Сразу после утренней планёрки в кабинет парторга зашла бригадир третьей бригады Мария Стрельникова.
— Вызывали, Николай Иваныч?
— Не вызывал, а приглашал. Лесника Григорьева сегодня увидишь?
— Если нужно, то увижу. Натворил он что или по работе?
— Может, и не натворил ничего, а побеседовать с ним надо. Да что тут вокруг да около ходить, всё равно вам в бригаде разбирать это дело. На вот, почитай петицию.
Бегло прочитав письмо, бригадир с заметным волнением произнесла:
— Ну, любыми путями мужика хочет удержать «мамаша». Закабалила с детства, положила на себя и держит всю жизнь. Женой она вдруг оказалась! Наши мужья в войну сгинули, но мальцов на себя мы не тащили, тянули вдовью лямку. А эта... К вам что ли его прислать? На сколько?
— Пусть приезжает в любое время. Я буду в конторе.
Почти сорок лет трудился в колхозе «Заветы Ильича» Николай Иванович Макашов, в который вступил ещё шестнадцатилетним мальчишкой-комсомольцем, а последние двенадцать лет работал секретарём партийного комитета колхоза. Ежедневно приходилось решать десятки разных вопросов, среди которых встречались и сложные, семейно-бытовые.
2.
Накануне вечером из райцентра в колхоз приехал заведующий отделом пропаганды и агитации райкома КПСС Геннадий Иванович Васнецов по деликатному, как он сказал, вопросу.

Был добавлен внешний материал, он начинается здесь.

text \<open>Put \<open>p = q^m\<close> and \<open>Q = q^r\<close>. Then \<open>x_j = [jm+r]_q = (1 - Q p^j)/(1 - q)\<close> is affine in
  \<open>p^j\<close>. The signed coefficients \<open>c_k(j) = (-1)^(k-j) p^C(k-j,2) [k,j]_p\<close> satisfy a q-Pascal rule,
  so that \<open>\<Sum>_j c_k(j) = \<Prod>_(i<k) (1 - p^i)\<close>, which vanishes for \<open>k > 0\<close>, and
  \<open>c_(k+1)(j) (p^(k+1) - p^j) = p^k (1 - p^(k+1)) c_k(j)\<close>. As \<open>x_j - x_(k+1)\<close> is a multiple of
  \<open>p^(k+1) - p^j\<close>, the second identity shows that the power sums \<open>\<Sum>_j c_k(j) x_j^n\<close>, divided by
  \<open>[k]_p! [m]_q^k\<close>, satisfy the defining recurrence of \<open>W_(m,r)[n,k]_q\<close>; the initial values agree
  by the first identity.\<close>

lemma real_power_ne_1:
  fixes p :: real
  assumes "p > 0" "p \<noteq> 1" "i > 0"
  shows "p ^ i \<noteq> 1"
  using assms power_eq_1_iff by fastforce

lemma qint_add:
  assumes "p \<noteq> 1"
  shows "qint p (a + b) = qint p a + p ^ a * qint p b"
  using assms unfolding qint_def by (simp add: power_add field_simps)

lemma qint_nonzero:
  assumes "p > 0" "p \<noteq> 1" "i > 0"
  shows "qint p i \<noteq> 0"
  using real_power_ne_1[OF assms] assms(2) unfolding qint_def by simp

lemma qint_power_mult:
  assumes "q ^ m \<noteq> 1"
  shows "qint (q ^ m) j * qint q m = qint q (m * j)"
proof -
  have "q \<noteq> 1" using assms by auto
  then show ?thesis using assms unfolding qint_def by (simp add: power_mult)
qed

lemma qfact_0 [simp]: "qfact p 0 = 1"
  unfolding qfact_def by simp

lemma qfact_Suc: "qfact p (Suc k) = qfact p k * qint p (Suc k)"
  unfolding qfact_def by (simp add: prod.cl_ivl_Suc)

lemma qfact_nonzero:
  assumes "p > 0" "p \<noteq> 1"
  shows "qfact p k \<noteq> 0"
  using qint_nonzero[OF assms] unfolding qfact_def by auto

lemma qbinom_0_right:
  assumes "p > 0" "p \<noteq> 1"
  shows "qbinom p k 0 = 1"
  using qfact_nonzero[OF assms] unfolding qbinom_def by simp

lemma qbinom_diag:
  assumes "p > 0" "p \<noteq> 1"
  shows "qbinom p k k = 1"
  using qfact_nonzero[OF assms] unfolding qbinom_def by simp

lemma qbinom_Suc_mult_qint_diff:
  assumes "p > 0" "p \<noteq> 1" "j \<le> K"
  shows "qbinom p (Suc K) j * qint p (Suc K - j) = qbinom p K j * qint p (Suc K)"
proof -
  have "Suc K - j = Suc (K - j)" using assms(3) by simp
  with qfact_nonzero[OF assms(1,2)] qint_nonzero[OF assms(1,2)] show ?thesis
    unfolding qbinom_def by (simp add: qfact_Suc field_simps)
qed

lemma qbinom_Suc_Suc_mult_qint:
  assumes "p > 0" "p \<noteq> 1" "i \<le> K"
  shows "qbinom p (Suc K) (Suc i) * qint p (Suc i) = qbinom p K i * qint p (Suc K)"
proof -
  have "Suc K - Suc i = K - i" by simp
  with qfact_nonzero[OF assms(1,2)] qint_nonzero[OF assms(1,2)] show ?thesis
    unfolding qbinom_def by (simp add: qfact_Suc field_simps)
qed

text \<open>The q-Pascal rule follows from the two preceding identities because
  \<open>[K+1]_p = [j]_p + p^j [K+1-j]_p\<close>.\<close>

lemma qbinom_Suc_pascal:
  assumes "p > 0" "p \<noteq> 1" "1 \<le> j" "j \<le> K"
  shows "qbinom p (Suc K) j = qbinom p K (j - 1) + p ^ j * qbinom p K j"
proof -
  obtain i where i: "j = Suc i" using assms(3) by (cases j) auto
  have split: "qint p (Suc K) = qint p j + p ^ j * qint p (Suc K - j)"
    using qint_add[OF assms(2), of j "Suc K - j"] assms(4) by simp
  have "qbinom p (Suc K) j * qint p (Suc K)
      = qbinom p (Suc K) j * qint p j + p ^ j * (qbinom p (Suc K) j * qint p (Suc K - j))"
    unfolding split by (simp add: algebra_simps)
  also have "\<dots> = (qbinom p K (j - 1) + p ^ j * qbinom p K j) * qint p (Suc K)"
    using qbinom_Suc_Suc_mult_qint[OF assms(1,2), of i K] qbinom_Suc_mult_qint_diff[OF assms(1,2,4)]
      assms i by (simp add: algebra_simps)
  finally show ?thesis using qint_nonzero[OF assms(1,2), of "Suc K"] by simp
qed

definition qwhitney_coeff :: "real \<Rightarrow> nat \<Rightarrow> nat \<Rightarrow> real" where
  "qwhitney_coeff p k j = (-1) ^ (k - j) * p ^ ((k - j) choose 2) * qbinom p k j"

lemma choose_two_Suc: "Suc n choose 2 = (n choose 2) + n"
  by (simp add: numeral_2_eq_2)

— Понимаешь, — начал разговор Геннадий Иванович, когда они вошли в кабинет парторга, — к нам поступила жалоба от гражданки Селезнёвой — жительницы вашего колхоза, на своего якобы мужа, Алексея Васильевича Григорьева, кстати, вашего коммуниста. Все подробности ты узнаешь, прочитав её пространное письмо. Странным мне кажется не только то, что у них разные фамилии, разница в возрасте на двадцать лет, как я выяснил, но и то, что они не зарегистрированы официально, понимаешь! Так какие они муж и жена? В какой измене, в таком случае, эта женщина обвиняет своего сожителя, я бы так его назвал! Одним словом, эта история мне кажется запутанной, в ней необходимо тщательнейшим образом разобраться, сделать выводы и наказать виновного. Во всяком случае, это персональное дело коммуниста рассматривать вам на партийном собрании бригады, утверждать на заседании парткома, а потом уже докладывать первому секретарю и отписывать автору этой злополучной жалобы.

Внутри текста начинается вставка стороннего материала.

lemma card_index_le_two_le_CARD:
  "card {H :: 'a::{ab_group_add,finite} set. index_le_two H} \<le> CARD('a)"
proof -
  let ?M = "{H :: 'a set. index_le_two H}"
  have "inj_on sign_vector ?M"
  proof (rule inj_onI)
    fix H K
    assume "H \<in> ?M" "K \<in> ?M" and eq: "sign_vector H = sign_vector K"
    have "x \<in> H \<longleftrightarrow> x \<in> K" for x
      using arg_cong[OF eq, of "\<lambda>v. v $ x"] by (simp add: sign_vector_def split: if_splits)
    then show "H = K"
      by blast
  qed
  then have "card (sign_vector ` ?M) = card ?M"
    by (rule card_image)
  moreover have "pairwise orthogonal (sign_vector ` ?M)"
    by (auto simp: pairwise_def intro!: orthogonal_sign_vector)
  moreover have "0 \<notin> sign_vector ` ?M"
    using sign_vector_neq_0 by (metis imageE)
  ultimately have "independent (sign_vector ` ?M)"
    using pairwise_orthogonal_independent by blast
  then show ?thesis
    using independent_bound \<open>card (sign_vector ` ?M) = card ?M\<close> by fastforce
qed

lemma card_kernel_mult_card_range:
  fixes f :: "'a::{ab_group_add,finite} \<Rightarrow> 'b::ab_group_add"
  assumes hom: "\<And>x y. f (x - y) = f x - f y"
  shows "card {x. f x = 0} * card (range f) = CARD('a)"
proof -
  have fibre: "{x. f x = f c} = (+) c ` {x. f x = 0}" for c
  proof (rule Set.set_eqI, rule iffI)
    fix x assume "x \<in> {x. f x = f c}"
    then have "x - c \<in> {x. f x = 0}"
      by (simp add: hom)
    then show "x \<in> (+) c ` {x. f x = 0}"
      by (rule image_eqI[rotated]) simp
  next
    fix x assume "x \<in> (+) c ` {x. f x = 0}"
    then obtain k where "f k = 0" "x = c + k"
      by blast
    then show "x \<in> {x. f x = f c}"
      using hom[of "c + k" c] by simp
  qed
  have "CARD('a) = card (\<Union>y\<in>range f. {x. f x = y})"
    by (rule arg_cong[where f = card]) blast
  also have "\<dots> = (\<Sum>y\<in>range f. card {x. f x = y})"
    by (rule card_UN_disjoint) auto
  also have "\<dots> = (\<Sum>y\<in>range f. card {x. f x = 0})"
    by (rule sum.cong) (auto simp: fibre card_image)
  finally show ?thesis
    by simp
qed

text \<open>\<open>(0, comm_form t a c)\<close> is the commutator of \<open>(a, b)\<close> and \<open>(c, d)\<close> in \<open>A_grp t\<close>; in
  characteristic 2 this is the form \<open>a c\<^sup>\<theta> + c a\<^sup>\<theta>\<close> of the paper.\<close>
definition comm_form :: "('a::field \<Rightarrow> 'a) \<Rightarrow> 'a \<Rightarrow> 'a \<Rightarrow> 'a" where
  "comm_form t a c = a * t c - c * t a"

После недолгого обмена мнениями по поводу завершающейся уборки зерновых, о подведении итогов социалистического соревнования, Геннадий Иванович попрощался и уехал на собственном, видавшем виды стареньком «Москвиче». Заведующим отделами райкома партии служебный транспорт не полагался.
Вернувшись в контору и внимательно прочитав ещё раз письмо, Николай Иванович представил себе портреты хорошо знакомых людей, почесал лысеющую макушку и мысленно произнёс: «Ну и задал же ты мне задачу, Геннадий! Самые неприятные дела для меня – это семейные разборки, а ты мне как раз их и подкинул».
Придя поздно вечером домой, Николай Иванович устало опустился на скамью, стоявшую в передней комнате, и вытянул уставшие ноги. Вошла жена. После некоторого молчания поинтересовалась:
— Озабочен чем-то, Коля?
— Будешь озабочен. Из райкома Геннадий приезжал насчёт Лёшки Григорьева. Жена Лёшкина письмо накатала туда, мол, с Сонькой-пчеловодкой муженёк спутался.
— Да не спутался он, любовь у них. Весь колхоз на его стороне.
— Колхоз-то на его стороне, а я оказался в бороне. Жалобу мне разбирать надо.
— Вы уж разберёте! Не лезли бы в их жизнь. Глядишь — и без вас всё утряслось бы. А у Евгении Яковлевны какие на него права? Лёша по пьянке куму Пашке такое порассказал. Волосы дыбом встают.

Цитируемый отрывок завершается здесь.